Suddenly Starless Wisconsin GOP Plots Rebuild for 2020

Suddenly Starless Wisconsin GOP Plots Rebuild for 2020
President Donald Trump, right, accompanied by Sen. Ron Johnson (R-Wis.) left, arrives at Green Bay Austin Straubel International Airport in Green Bay, Wis., on April 27, 2019. AP Photo/Andrew Harnik, File
The Associated Press
Updated:

MADISON, Wis.—Republicans determined to deliver Wisconsin for President Donald Trump next year will be doing it with a party working to rebuild after the departure of its two biggest stars and a rough midterm election that sent it reeling.

The Wisconsin GOP heads into its state convention on May 17 with a plan that depends on rebuilding from the ground up after former House Speaker Paul Ryan retired and Gov. Scott Walker was voted out of office.

“After the November 2018 elections it was a combination of shock and a certain level of depression,” said Sen. Ron Johnson, the only Republican left in statewide office. Johnson led a post-mortem study of the midterm losses that determined more work needed to be done at the local level to recruit and train both volunteers and candidates.

Johnson will discuss the report at the convention, which has taken the theme “A New Day. A New Party” and will emphasize training and workshops over the usual political speeches. Johnson said that work will create a “grassroots juggernaut” to reelect Trump.

Wisconsin is among a handful of battleground states that could determine the 2020 election.

Trump was the first Republican since Ronald Reagan in 1984 to carry Wisconsin, but he did so by less than 1 percentage point. Reagan was also the last Republican to win the state twice in a row. Barack Obama won big both times he ran for president, but previous Democratic candidates won by less than half a point in 2000 and 2004.
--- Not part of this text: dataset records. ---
(* For every $n\geq 3$ and every prime power $q=p^h$, the minimum distance $d(C(PG(n,q))^\perp)$ equals $d(C(PG(2,q))^\perp)$.
   Context: $C(PG(m,q))$ is the $p$-ary code spanned over $\mathbb{F}_p$ by the incidence vectors of the hyperplanes of $PG(m,q)$, with coordinates indexed by points. For $m=2$ the hyperplanes are the lines. $C^\perp$ is the dual code with respect to the standard scalar product over $\mathbb{F}_p$. $d(\cdot)$ denotes minimum distance, i.e. minimum nonzero weight. *)

theory Defs
  imports Main
begin

text \<open>Vectors of GF(q)^(m+1), represented as functions nat => 'a vanishing outside {0..m}.\<close>
definition vecs :: "nat \<Rightarrow> (nat \<Rightarrow> 'a::field) set" where
  "vecs m = {v. \<forall>i>m. v i = 0}"

definition line_of :: "(nat \<Rightarrow> 'a::field) \<Rightarrow> (nat \<Rightarrow> 'a) set" where
  "line_of v = {(\<lambda>i. c * v i) | c. True}"

definition pg_points :: "nat \<Rightarrow> (nat \<Rightarrow> 'a::field) set set" where
  "pg_points m = {line_of v | v. v \<in> vecs m \<and> v \<noteq> (\<lambda>_. 0)}"

definition pg_hyperplane :: "nat \<Rightarrow> (nat \<Rightarrow> 'a::field) \<Rightarrow> (nat \<Rightarrow> 'a) set set" where
  "pg_hyperplane m a = {P \<in> pg_points m. \<forall>v\<in>P. (\<Sum>i\<le>m. a i * v i) = 0}"

definition pg_hyperplanes :: "nat \<Rightarrow> (nat \<Rightarrow> 'a::field) set set set" where
  "pg_hyperplanes m = {pg_hyperplane m a | a. a \<in> vecs m \<and> a \<noteq> (\<lambda>_. 0)}"

text \<open>Incidence vector of a set of points, with entries in the field 'b (playing F_p).\<close>
definition incidence_vec :: "'p set \<Rightarrow> 'p \<Rightarrow> 'b::field" where
  "incidence_vec S = (\<lambda>x. if x \<in> S then 1 else 0)"

text \<open>C(PG(m,q)): the 'b-span of the incidence vectors of the hyperplanes
  (finite linear combinations; the set of hyperplanes is finite for finite 'a).\<close>
definition pg_code :: "nat \<Rightarrow> ((nat \<Rightarrow> 'a::{finite,field}) set \<Rightarrow> 'b::field) set" where
  "pg_code m = {(\<lambda>x. \<Sum>H\<in>pg_hyperplanes m. coef H * incidence_vec H x) | coef. True}"

definition pg_dual_code :: "nat \<Rightarrow> ((nat \<Rightarrow> 'a::{finite,field}) set \<Rightarrow> 'b::field) set" where
  "pg_dual_code m = {c. (\<forall>x. x \<notin> pg_points m \<longrightarrow> c x = 0) \<and>
      (\<forall>w\<in>(pg_code m :: ((nat \<Rightarrow> 'a) set \<Rightarrow> 'b) set). (\<Sum>x\<in>pg_points m. w x * c x) = 0)}"

definition weight :: "'p set \<Rightarrow> ('p \<Rightarrow> 'b::zero) \<Rightarrow> nat" where
  "weight P c = card {x \<in> P. c x \<noteq> 0}"

definition dual_min_dist :: "'a::{finite,field} itself \<Rightarrow> 'b::field itself \<Rightarrow> nat \<Rightarrow> nat" where
  "dual_min_dist TA TB m =
     Min {weight (pg_points m) c | c. c \<in> (pg_dual_code m :: ((nat \<Rightarrow> 'a) set \<Rightarrow> 'b) set) \<and>
                                        c \<noteq> (\<lambda>_. 0)}"

end

theory Submission
  imports Defs "HOL-Number_Theory.Residues"
begin

(* Let q = |'a|; the only property of the coefficient field 'b that is used is q = 0 in 'b.
   A vector c on the points lies in the dual code iff it vanishes off the points and its
   sum over every hyperplane is zero (pg_dual_code_iff).

   Every dual codeword has total sum zero (sum_pg_points_dual), and every
   hyperplane of PG(n,q) meets PG(m,q) in all of it or in a hyperplane; hence dual codewords
   of PG(2,q) are dual codewords of PG(n,q) of the same weight (pg_dual_code_embed).

   PG(2,q) has a dual codeword of weight <= 2q (plane_small_codeword), so a
   minimum weight dual codeword of PG(n,q) has weight <= 2q.  Such a codeword of PG(m,q),
   m >= 3, is projected from a point on no line joining two of its support points (which
   exists by counting) to a nonzero dual codeword of PG(m-1,q) of no larger weight
   (dual_codeword_projection); iterating reaches the plane (dual_codeword_descent). *)

lemma finite_vecs: "finite (vecs m :: (nat \<Rightarrow> 'a::{finite,field}) set)"
proof -
  have "vecs m = {f::nat \<Rightarrow> 'a. \<forall>x. (x \<in> {..m} \<longrightarrow> f x \<in> UNIV) \<and> (x \<notin> {..m} \<longrightarrow> f x = 0)}"
    by (auto simp: vecs_def)
  thus ?thesis using finite_set_of_finite_funs[of "{..m}" "UNIV::'a set" 0] by simp
qed

lemma finite_pg_points: "finite (pg_points m :: (nat \<Rightarrow> 'a::{finite,field}) set set)"
proof -
  have "pg_points m \<subseteq> line_of ` (vecs m :: (nat \<Rightarrow> 'a) set)"
    by (auto simp: pg_points_def)
  thus ?thesis using finite_vecs finite_subset by blast
qed

lemma finite_pg_hyperplanes: "finite (pg_hyperplanes m :: (nat \<Rightarrow> 'a::{finite,field}) set set set)"
proof -
  have "pg_hyperplanes m \<subseteq> pg_hyperplane m ` (vecs m :: (nat \<Rightarrow> 'a) set)"
    by (auto simp: pg_hyperplanes_def)
  thus ?thesis using finite_vecs finite_subset by blast
qed

lemma pg_hyperplane_subset: "pg_hyperplane m a \<subseteq> pg_points m"
  by (auto simp: pg_hyperplane_def)

lemma finite_pg_hyperplane: "finite (pg_hyperplane m a :: (nat \<Rightarrow> 'a::{finite,field}) set set)"
  using finite_subset[OF pg_hyperplane_subset finite_pg_points] .
(* For all integers $t\geq 1$ and $N\geq 0$: $\mathfrak{m}_{\mathrm{odd}}(-2,t;8N+r)\equiv 0\pmod 4$ for $r\in\{3,6\}$; $\mathfrak{m}_{\mathrm{odd}}(-2,t;9N+r)\equiv 0\pmod 4$ for $r\in\{3,6\}$; $\mathfrak{m}_{\mathrm{odd}}(-2,t;8N+7)\equiv 0\pmod 8$.
   Context: For $a\in\{-2,-1,0,1,2\}$ and integer $t\geq0$, the integers $\mathfrak{m}_{\mathrm{odd}}(a,t;n)$ are defined by $\sum_{n\geq0}\mathfrak{m}_{\mathrm{odd}}(a,t;n)q^n=\sum\prod_{k=1}^t\frac{q^{n_k}}{1+aq^{n_k}+q^{2n_k}}$, the sum running over all $t$-tuples of odd positive integers $n_1<n_2<\cdots<n_t$ (for $t=0$ the series is $1$). *)

theory Defs
  imports "HOL-Computational_Algebra.Formal_Power_Series"
begin

definition modd_factor :: "int \<Rightarrow> nat \<Rightarrow> rat fps" where
  "modd_factor a k = fps_X ^ k * inverse (1 + fps_const (of_int a) * fps_X ^ k + fps_X ^ (2 * k))"

text \<open>Coefficient of q^n in the sum over t-element sets {n_1 < ... < n_t} of odd positive
  integers of the product of the factors.  Sets containing an odd number larger than n
  contribute only to coefficients of degree larger than n (each factor is divisible by q^(n_k)),
  so restricting to odd numbers at most n gives exactly the n-th coefficient.\<close>
definition modd :: "int \<Rightarrow> nat \<Rightarrow> nat \<Rightarrow> rat" where
  "modd a t n = fps_nth
     (\<Sum>S \<in> {S. S \<subseteq> {k. odd k \<and> k \<le> n} \<and> card S = t}. \<Prod>k\<in>S. modd_factor a k) n"

end

(*
  Let D_K = prod_{k < 2K odd} (1 - q^k)^2 and let W_K(t) be D_K times the t-th elementary
  symmetric function of the factors q^k / (1 - q^k)^2, k = 1, 3, ..., 2K - 1; that symmetric
  function agrees with the generating function of modd(-2, t; _) below degree 2K + 1.
  W_K(t) satisfies a two-term recurrence in K, and so its binomial transform
  sum_t C(2t, t + j) W_K(t) satisfies the same recurrence as q^(j^2) [2K, K + j]_(q^2), a
  Gaussian binomial coefficient in base q^2; hence the two agree.  For K <= n <= 2K the latter
  is q^(j^2) / (q^2; q^2)_n modulo q^(n+1).  Inverting the unitriangular binomial transform
  over the integers, W_K(t) is congruent to B / (q^2; q^2)_n with B an integral combination of
  the q^(j^2), and since central binomial coefficients are even, D_K = W_K(0) is congruent to
  (1 - 2S) / (q^2; q^2)_n with S of the same kind.  So the generating function is congruent to
  B / (1 - 2S), whose n-th coefficient is B_n + 2 (SB)_n + 4 (S^2 B)_n modulo 8, the three terms
  vanishing unless n is a sum of one, two, three squares respectively.  Numbers congruent to
  3 or 6 modulo 8 or 9 are not sums of two squares, those congruent to 7 modulo 8 not sums of
  three squares.
*)

theory Submission
  imports Defs
begin

unbundle fps_syntax

section \<open>Congruences of power series modulo powers of X\<close>

definition fps_cong :: "nat \<Rightarrow> 'a::comm_ring_1 fps \<Rightarrow> 'a fps \<Rightarrow> bool" where
  "fps_cong L f g \<longleftrightarrow> fps_X ^ L dvd f - g"

lemma fps_cong_refl [simp]: "fps_cong L f f"
  by (simp add: fps_cong_def)

lemma fps_cong_sym: "fps_cong L f g \<Longrightarrow> fps_cong L g f"
  unfolding fps_cong_def by (subst dvd_minus_iff[symmetric]) simp

lemma fps_cong_trans [trans]: "fps_cong L f g \<Longrightarrow> fps_cong L g h \<Longrightarrow> fps_cong L f h"
  unfolding fps_cong_def by (drule (1) dvd_add) simp

lemma fps_cong_add: "fps_cong L f g \<Longrightarrow> fps_cong L f' g' \<Longrightarrow> fps_cong L (f + f') (g + g')"
  unfolding fps_cong_def by (drule (1) dvd_add) (simp add: algebra_simps)

lemma fps_cong_diff: "fps_cong L f g \<Longrightarrow> fps_cong L f' g' \<Longrightarrow> fps_cong L (f - f') (g - g')"
  unfolding fps_cong_def by (drule (1) dvd_diff) (simp add: algebra_simps)

lemma fps_cong_mult:
  assumes "fps_cong L f g" "fps_cong L f' g'"
  shows "fps_cong L (f * f') (g * g')"
proof -
  have "f * f' - g * g' = f * (f' - g') + (f - g) * g'"
    by (simp add: algebra_simps)
  then show ?thesis
    using assms unfolding fps_cong_def by (simp add: dvd_add dvd_mult dvd_mult2)
qed

lemma fps_cong_nth: "fps_cong L f g \<Longrightarrow> i < L \<Longrightarrow> f $ i = g $ i"
proof -
  assume "fps_cong L f g" "i < L"
  then obtain h where "f - g = fps_X ^ L * h"
    unfolding fps_cong_def by (elim dvdE)
  then have "(f - g) $ i = 0"
    using \<open>i < L\<close> by (simp add: fps_X_power_mult_nth)
  then show ?thesis
    by simp
qed

lemma fps_cong_mono: "fps_cong L f g \<Longrightarrow> L' \<le> L \<Longrightarrow> fps_cong L' f g"
  unfolding fps_cong_def using le_imp_power_dvd dvd_trans by blast

lemma fps_cong_mult_X_power:
  "fps_cong L f g \<Longrightarrow> fps_cong (L + k) (fps_X ^ k * f) (fps_X ^ k * g)"
proof -
  assume "fps_cong L f g"
  then have "fps_X ^ k * fps_X ^ L dvd fps_X ^ k * (f - g)"
    unfolding fps_cong_def by (rule mult_dvd_mono[OF dvd_refl])
  then show ?thesis
    unfolding fps_cong_def by (simp add: power_add right_diff_distrib mult.commute left_diff_distrib)
qed

lemma fps_cong_0_X_power: "L \<le> k \<Longrightarrow> fps_cong L 0 (fps_X ^ k * f)"
  unfolding fps_cong_def by (simp add: dvd_mult2 le_imp_power_dvd)

lemma fps_cong_inverse:
  fixes f g :: "'a::field fps"
  assumes "fps_cong L f g" "f $ 0 \<noteq> 0" "g $ 0 \<noteq> 0"
  shows "fps_cong L (inverse f) (inverse g)"
proof -
  have "inverse f - inverse g = inverse f * inverse g * (g - f)"
    using assms(2,3) by (simp add: algebra_simps inverse_mult_eq_1 inverse_mult_eq_1')
  moreover have "fps_X ^ L dvd g - f"
    using fps_cong_sym[OF assms(1)] by (simp add: fps_cong_def)
  ultimately show ?thesis
    unfolding fps_cong_def by simp
qed

lemma fps_cong_mult_cancel:
  fixes u :: "'a::field fps"
  assumes "fps_cong L (u * f) (u * g)" "u $ 0 \<noteq> 0"
  shows "fps_cong L f g"
proof -
  have "fps_cong L (inverse u * (u * f)) (inverse u * (u * g))"
    using assms(1) by (rule fps_cong_mult[OF fps_cong_refl])
  then show ?thesis
    using inverse_mult_eq_1[OF assms(2)] by (simp flip: mult.assoc)
qed

section \<open>Integral series supported on sums of squares\<close>

definition fps_integral :: "'a::comm_ring_1 fps \<Rightarrow> bool" where
  "fps_integral f \<longleftrightarrow> (\<forall>n. f $ n \<in> \<int>)"

lemma fps_integral_1: "fps_integral 1"
  by (simp add: fps_integral_def fps_one_nth)

lemma fps_integral_numeral: "fps_integral (numeral k)"
  by (simp add: fps_integral_def fps_numeral_nth)

lemma fps_integral_X_power: "fps_integral (fps_X ^ k)"
  by (simp add: fps_integral_def)

lemma fps_integral_add: "fps_integral f \<Longrightarrow> fps_integral g \<Longrightarrow> fps_integral (f + g)"
  by (simp add: fps_integral_def)

lemma fps_integral_diff: "fps_integral f \<Longrightarrow> fps_integral g \<Longrightarrow> fps_integral (f - g)"
  by (simp add: fps_integral_def)

lemma fps_integral_mult: "fps_integral f \<Longrightarrow> fps_integral g \<Longrightarrow> fps_integral (f * g)"
  unfolding fps_integral_def fps_mult_nth by (auto intro!: Ints_sum Ints_mult)

lemma fps_integral_of_int_mult: "fps_integral f \<Longrightarrow> fps_integral (of_int c * f)"
  by (simp add: fps_integral_def)

lemma fps_integral_inverse:
  fixes f :: "'a::field fps"
  assumes "fps_integral f" "f $ 0 = 1"
  shows "fps_integral (inverse f)"
  unfolding fps_integral_def
proof
  fix n show "inverse f $ n \<in> \<int>"
  proof (induction n rule: less_induct)
    case (less n)
    show ?case
    proof (cases n)
      case 0
      then show ?thesis
        using assms(2) by simp
    next
      case (Suc m)
      have "(inverse f * f) $ Suc m = 0"
        using assms(2) by (simp add: inverse_mult_eq_1)
      then have "(\<Sum>i=0..m. inverse f $ i * f $ (Suc m - i)) + inverse f $ Suc m = 0"
        using assms(2) by (simp add: fps_mult_nth sum.atLeast0_atMost_Suc)
      then have "inverse f $ Suc m = - (\<Sum>i=0..m. inverse f $ i * f $ (Suc m - i))"
        by (simp add: eq_neg_iff_add_eq_0 add.commute)
      moreover have "(\<Sum>i=0..m. inverse f $ i * f $ (Suc m - i)) \<in> \<int>"
        using less Suc assms(1) unfolding fps_integral_def by (auto intro!: Ints_sum Ints_mult)
      ultimately show ?thesis
        using Suc by simp
    qed
  qed
qed

definition sum_of_squares :: "nat \<Rightarrow> nat \<Rightarrow> bool" where
  "sum_of_squares k n \<longleftrightarrow> (\<exists>xs. length xs = k \<and> n = (\<Sum>x\<leftarrow>xs. x ^ 2))"

lemma sum_of_squares_0: "sum_of_squares k 0"
  unfolding sum_of_squares_def by (rule exI[of _ "replicate k 0"]) (simp add: sum_list_replicate)

lemma sum_of_squares_square: "sum_of_squares 1 (a ^ 2)"
  unfolding sum_of_squares_def by (rule exI[of _ "[a]"]) simp

lemma sum_of_squares_add:
  "sum_of_squares k m \<Longrightarrow> sum_of_squares l n \<Longrightarrow> sum_of_squares (k + l) (m + n)"
  unfolding sum_of_squares_def by (metis length_append map_append sum_list_append)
“We can win in this state; we’ve done it,” said Republican Party activist Brian Westrate, an insurance agent from Fall Creek in western Wisconsin. “One bad election cycle doesn’t mean our conservative philosophy and ideology is dead. We just, perhaps, got too far away from all being in the same boat rowing in the same direction.”

Mark Graul, a Republican strategist who ran George W. Bush’s Wisconsin campaign in 2004, said he thinks Republicans are entering 2020 ready for an “incredibly tight, tough race” with uncertainty about how it will play out.

“The sense is nobody’s quite sure what’s going to happen next year,” Graul said.

To win in 2020, more work needs to be done to organize at the local level, said state party executive director Mark Jefferson. That covers things as rudimentary as making sure yard signs are widely available and distributed and as advanced as using data analytics to target likely voters and get people on the ground to knock on their doors, Jefferson said.

“Was enough of that stuff done last time around? Maybe, maybe not,” Jefferson said.